Task requirements: Type out all the records again exactly.

Provided entries:

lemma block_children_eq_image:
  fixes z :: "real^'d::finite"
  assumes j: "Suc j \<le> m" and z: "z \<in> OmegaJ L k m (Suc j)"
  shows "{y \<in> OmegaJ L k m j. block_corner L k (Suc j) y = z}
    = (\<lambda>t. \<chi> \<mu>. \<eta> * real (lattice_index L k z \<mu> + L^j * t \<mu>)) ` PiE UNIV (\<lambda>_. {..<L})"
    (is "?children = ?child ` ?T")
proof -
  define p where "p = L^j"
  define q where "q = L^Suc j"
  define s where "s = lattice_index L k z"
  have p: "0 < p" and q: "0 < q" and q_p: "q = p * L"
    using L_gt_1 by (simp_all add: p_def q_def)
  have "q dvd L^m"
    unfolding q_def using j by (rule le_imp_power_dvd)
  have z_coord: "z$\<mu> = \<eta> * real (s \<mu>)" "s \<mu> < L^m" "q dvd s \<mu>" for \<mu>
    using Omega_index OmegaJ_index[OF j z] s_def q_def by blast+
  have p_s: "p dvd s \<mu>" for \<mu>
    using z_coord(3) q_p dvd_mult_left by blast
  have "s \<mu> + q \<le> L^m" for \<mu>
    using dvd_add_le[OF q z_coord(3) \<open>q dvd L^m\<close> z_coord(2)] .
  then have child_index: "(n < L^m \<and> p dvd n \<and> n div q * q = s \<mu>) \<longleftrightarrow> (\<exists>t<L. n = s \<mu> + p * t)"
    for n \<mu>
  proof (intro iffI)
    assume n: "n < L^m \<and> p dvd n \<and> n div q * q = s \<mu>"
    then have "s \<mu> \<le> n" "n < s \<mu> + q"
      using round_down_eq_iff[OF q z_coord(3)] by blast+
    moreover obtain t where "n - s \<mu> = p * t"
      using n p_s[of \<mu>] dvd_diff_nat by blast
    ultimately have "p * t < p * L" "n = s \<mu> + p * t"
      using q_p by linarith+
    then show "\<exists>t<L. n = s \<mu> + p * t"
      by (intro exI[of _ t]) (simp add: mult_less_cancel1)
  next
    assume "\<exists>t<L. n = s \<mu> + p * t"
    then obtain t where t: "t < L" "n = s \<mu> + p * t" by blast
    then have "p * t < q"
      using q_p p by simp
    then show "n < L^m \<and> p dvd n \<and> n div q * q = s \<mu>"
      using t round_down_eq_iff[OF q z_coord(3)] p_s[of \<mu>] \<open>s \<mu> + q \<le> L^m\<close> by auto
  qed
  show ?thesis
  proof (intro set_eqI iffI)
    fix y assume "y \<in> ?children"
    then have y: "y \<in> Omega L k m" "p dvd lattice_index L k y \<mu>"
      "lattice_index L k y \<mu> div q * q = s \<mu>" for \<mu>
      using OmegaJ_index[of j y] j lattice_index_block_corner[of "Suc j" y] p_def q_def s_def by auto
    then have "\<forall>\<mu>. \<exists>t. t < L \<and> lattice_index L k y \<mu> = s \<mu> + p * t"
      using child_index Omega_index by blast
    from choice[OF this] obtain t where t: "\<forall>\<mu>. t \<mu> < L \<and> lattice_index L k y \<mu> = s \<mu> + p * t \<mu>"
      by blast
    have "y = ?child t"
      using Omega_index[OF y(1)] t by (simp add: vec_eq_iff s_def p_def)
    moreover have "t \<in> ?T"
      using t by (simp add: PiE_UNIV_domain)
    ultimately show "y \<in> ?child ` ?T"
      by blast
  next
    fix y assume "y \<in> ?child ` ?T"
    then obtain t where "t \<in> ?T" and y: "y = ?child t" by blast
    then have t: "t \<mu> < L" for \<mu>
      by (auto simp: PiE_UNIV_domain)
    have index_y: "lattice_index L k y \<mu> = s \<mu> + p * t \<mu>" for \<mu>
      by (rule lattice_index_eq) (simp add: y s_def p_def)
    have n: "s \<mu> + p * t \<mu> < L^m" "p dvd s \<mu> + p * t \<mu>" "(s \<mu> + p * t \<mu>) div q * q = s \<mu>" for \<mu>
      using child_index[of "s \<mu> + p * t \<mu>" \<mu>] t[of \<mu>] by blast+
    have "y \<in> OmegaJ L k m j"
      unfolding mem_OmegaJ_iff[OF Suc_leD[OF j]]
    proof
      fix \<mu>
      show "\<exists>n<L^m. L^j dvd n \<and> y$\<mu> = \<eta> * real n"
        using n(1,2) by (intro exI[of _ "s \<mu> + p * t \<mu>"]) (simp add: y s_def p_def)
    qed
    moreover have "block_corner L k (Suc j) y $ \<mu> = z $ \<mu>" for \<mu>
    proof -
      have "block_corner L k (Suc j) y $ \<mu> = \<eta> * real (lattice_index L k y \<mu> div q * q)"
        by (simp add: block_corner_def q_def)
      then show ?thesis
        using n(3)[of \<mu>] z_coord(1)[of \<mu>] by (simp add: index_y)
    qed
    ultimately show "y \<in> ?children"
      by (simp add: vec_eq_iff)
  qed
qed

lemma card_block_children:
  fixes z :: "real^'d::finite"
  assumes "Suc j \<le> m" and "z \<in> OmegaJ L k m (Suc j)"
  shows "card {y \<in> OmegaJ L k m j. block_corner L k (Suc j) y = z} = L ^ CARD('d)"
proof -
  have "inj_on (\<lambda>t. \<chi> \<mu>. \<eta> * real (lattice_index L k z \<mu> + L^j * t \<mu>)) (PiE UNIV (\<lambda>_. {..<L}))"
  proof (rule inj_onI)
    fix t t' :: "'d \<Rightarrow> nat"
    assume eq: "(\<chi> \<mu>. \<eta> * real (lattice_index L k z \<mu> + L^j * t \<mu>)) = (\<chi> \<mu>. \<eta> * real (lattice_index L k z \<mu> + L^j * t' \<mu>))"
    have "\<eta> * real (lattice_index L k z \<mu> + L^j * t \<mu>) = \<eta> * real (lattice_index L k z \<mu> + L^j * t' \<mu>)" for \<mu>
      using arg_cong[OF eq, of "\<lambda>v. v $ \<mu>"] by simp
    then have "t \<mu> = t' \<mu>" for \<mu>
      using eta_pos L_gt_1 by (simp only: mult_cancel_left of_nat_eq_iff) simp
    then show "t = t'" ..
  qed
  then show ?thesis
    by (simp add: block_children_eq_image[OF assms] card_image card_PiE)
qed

Exercise result:
lemma block_children_eq_image:
  fixes z :: "real^'d::finite"
  assumes j: "Suc j \<le> m" and z: "z \<in> OmegaJ L k m (Suc j)"
  shows "{y \<in> OmegaJ L k m j. block_corner L k (Suc j) y = z}
    = (\<lambda>t. \<chi> \<mu>. \<eta> * real (lattice_index L k z \<mu> + L^j * t \<mu>)) ` PiE UNIV (\<lambda>_. {..<L})"
    (is "?children = ?child ` ?T")
proof -
  define p where "p = L^j"
  define q where "q = L^Suc j"
  define s where "s = lattice_index L k z"
  have p: "0 < p" and q: "0 < q" and q_p: "q = p * L"
    using L_gt_1 by (simp_all add: p_def q_def)
  have "q dvd L^m"
    unfolding q_def using j by (rule le_imp_power_dvd)
  have z_coord: "z$\<mu> = \<eta> * real (s \<mu>)" "s \<mu> < L^m" "q dvd s \<mu>" for \<mu>
    using Omega_index OmegaJ_index[OF j z] s_def q_def by blast+
  have p_s: "p dvd s \<mu>" for \<mu>
    using z_coord(3) q_p dvd_mult_left by blast
  have "s \<mu> + q \<le> L^m" for \<mu>
    using dvd_add_le[OF q z_coord(3) \<open>q dvd L^m\<close> z_coord(2)] .
  then have child_index: "(n < L^m \<and> p dvd n \<and> n div q * q = s \<mu>) \<longleftrightarrow> (\<exists>t<L. n = s \<mu> + p * t)"
    for n \<mu>
  proof (intro iffI)
    assume n: "n < L^m \<and> p dvd n \<and> n div q * q = s \<mu>"
    then have "s \<mu> \<le> n" "n < s \<mu> + q"
      using round_down_eq_iff[OF q z_coord(3)] by blast+
    moreover obtain t where "n - s \<mu> = p * t"
      using n p_s[of \<mu>] dvd_diff_nat by blast
    ultimately have "p * t < p * L" "n = s \<mu> + p * t"
      using q_p by linarith+
    then show "\<exists>t<L. n = s \<mu> + p * t"
      by (intro exI[of _ t]) (simp add: mult_less_cancel1)
  next
    assume "\<exists>t<L. n = s \<mu> + p * t"
    then obtain t where t: "t < L" "n = s \<mu> + p * t" by blast
    then have "p * t < q"
      using q_p p by simp
    then show "n < L^m \<and> p dvd n \<and> n div q * q = s \<mu>"
      using t round_down_eq_iff[OF q z_coord(3)] p_s[of \<mu>] \<open>s \<mu> + q \<le> L^m\<close> by auto
  qed
  show ?thesis
  proof (intro set_eqI iffI)
    fix y assume "y \<in> ?children"
    then have y: "y \<in> Omega L k m" "p dvd lattice_index L k y \<mu>"
      "lattice_index L k y \<mu> div q * q = s \<mu>" for \<mu>
      using OmegaJ_index[of j y] j lattice_index_block_corner[of "Suc j" y] p_def q_def s_def by auto
    then have "\<forall>\<mu>. \<exists>t. t < L \<and> lattice_index L k y \<mu> = s \<mu> + p * t"
      using child_index Omega_index by blast
    from choice[OF this] obtain t where t: "\<forall>\<mu>. t \<mu> < L \<and> lattice_index L k y \<mu> = s \<mu> + p * t \<mu>"
      by blast
    have "y = ?child t"
      using Omega_index[OF y(1)] t by (simp add: vec_eq_iff s_def p_def)
    moreover have "t \<in> ?T"
      using t by (simp add: PiE_UNIV_domain)
    ultimately show "y \<in> ?child ` ?T"
      by blast
  next
    fix y assume "y \<in> ?child ` ?T"
    then obtain t where "t \<in> ?T" and y: "y = ?child t" by blast
    then have t: "t \<mu> < L" for \<mu>
      by (auto simp: PiE_UNIV_domain)
    have index_y: "lattice_index L k y \<mu> = s \<mu> + p * t \<mu>" for \<mu>
      by (rule lattice_index_eq) (simp add: y s_def p_def)
    have n: "s \<mu> + p * t \<mu> < L^m" "p dvd s \<mu> + p * t \<mu>" "(s \<mu> + p * t \<mu>) div q * q = s \<mu>" for \<mu>
      using child_index[of "s \<mu> + p * t \<mu>" \<mu>] t[of \<mu>] by blast+
    have "y \<in> OmegaJ L k m j"
      unfolding mem_OmegaJ_iff[OF Suc_leD[OF j]]
    proof
      fix \<mu>
      show "\<exists>n<L^m. L^j dvd n \<and> y$\<mu> = \<eta> * real n"
        using n(1,2) by (intro exI[of _ "s \<mu> + p * t \<mu>"]) (simp add: y s_def p_def)
    qed
    moreover have "block_corner L k (Suc j) y $ \<mu> = z $ \<mu>" for \<mu>
    proof -
      have "block_corner L k (Suc j) y $ \<mu> = \<eta> * real (lattice_index L k y \<mu> div q * q)"
        by (simp add: block_corner_def q_def)
      then show ?thesis
        using n(3)[of \<mu>] z_coord(1)[of \<mu>] by (simp add: index_y)
    qed
    ultimately show "y \<in> ?children"
      by (simp add: vec_eq_iff)
  qed
qed

lemma card_block_children:
  fixes z :: "real^'d::finite"
  assumes "Suc j \<le> m" and "z \<in> OmegaJ L k m (Suc j)"
  shows "card {y \<in> OmegaJ L k m j. block_corner L k (Suc j) y = z} = L ^ CARD('d)"
proof -
  have "inj_on (\<lambda>t. \<chi> \<mu>. \<eta> * real (lattice_index L k z \<mu> + L^j * t \<mu>)) (PiE UNIV (\<lambda>_. {..<L}))"
  proof (rule inj_onI)
    fix t t' :: "'d \<Rightarrow> nat"
    assume eq: "(\<chi> \<mu>. \<eta> * real (lattice_index L k z \<mu> + L^j * t \<mu>)) = (\<chi> \<mu>. \<eta> * real (lattice_index L k z \<mu> + L^j * t' \<mu>))"
    have "\<eta> * real (lattice_index L k z \<mu> + L^j * t \<mu>) = \<eta> * real (lattice_index L k z \<mu> + L^j * t' \<mu>)" for \<mu>
      using arg_cong[OF eq, of "\<lambda>v. v $ \<mu>"] by simp
    then have "t \<mu> = t' \<mu>" for \<mu>
      using eta_pos L_gt_1 by (simp only: mult_cancel_left of_nat_eq_iff) simp
    then show "t = t'" ..
  qed
  then show ?thesis
    by (simp add: block_children_eq_image[OF assms] card_image card_PiE)
qed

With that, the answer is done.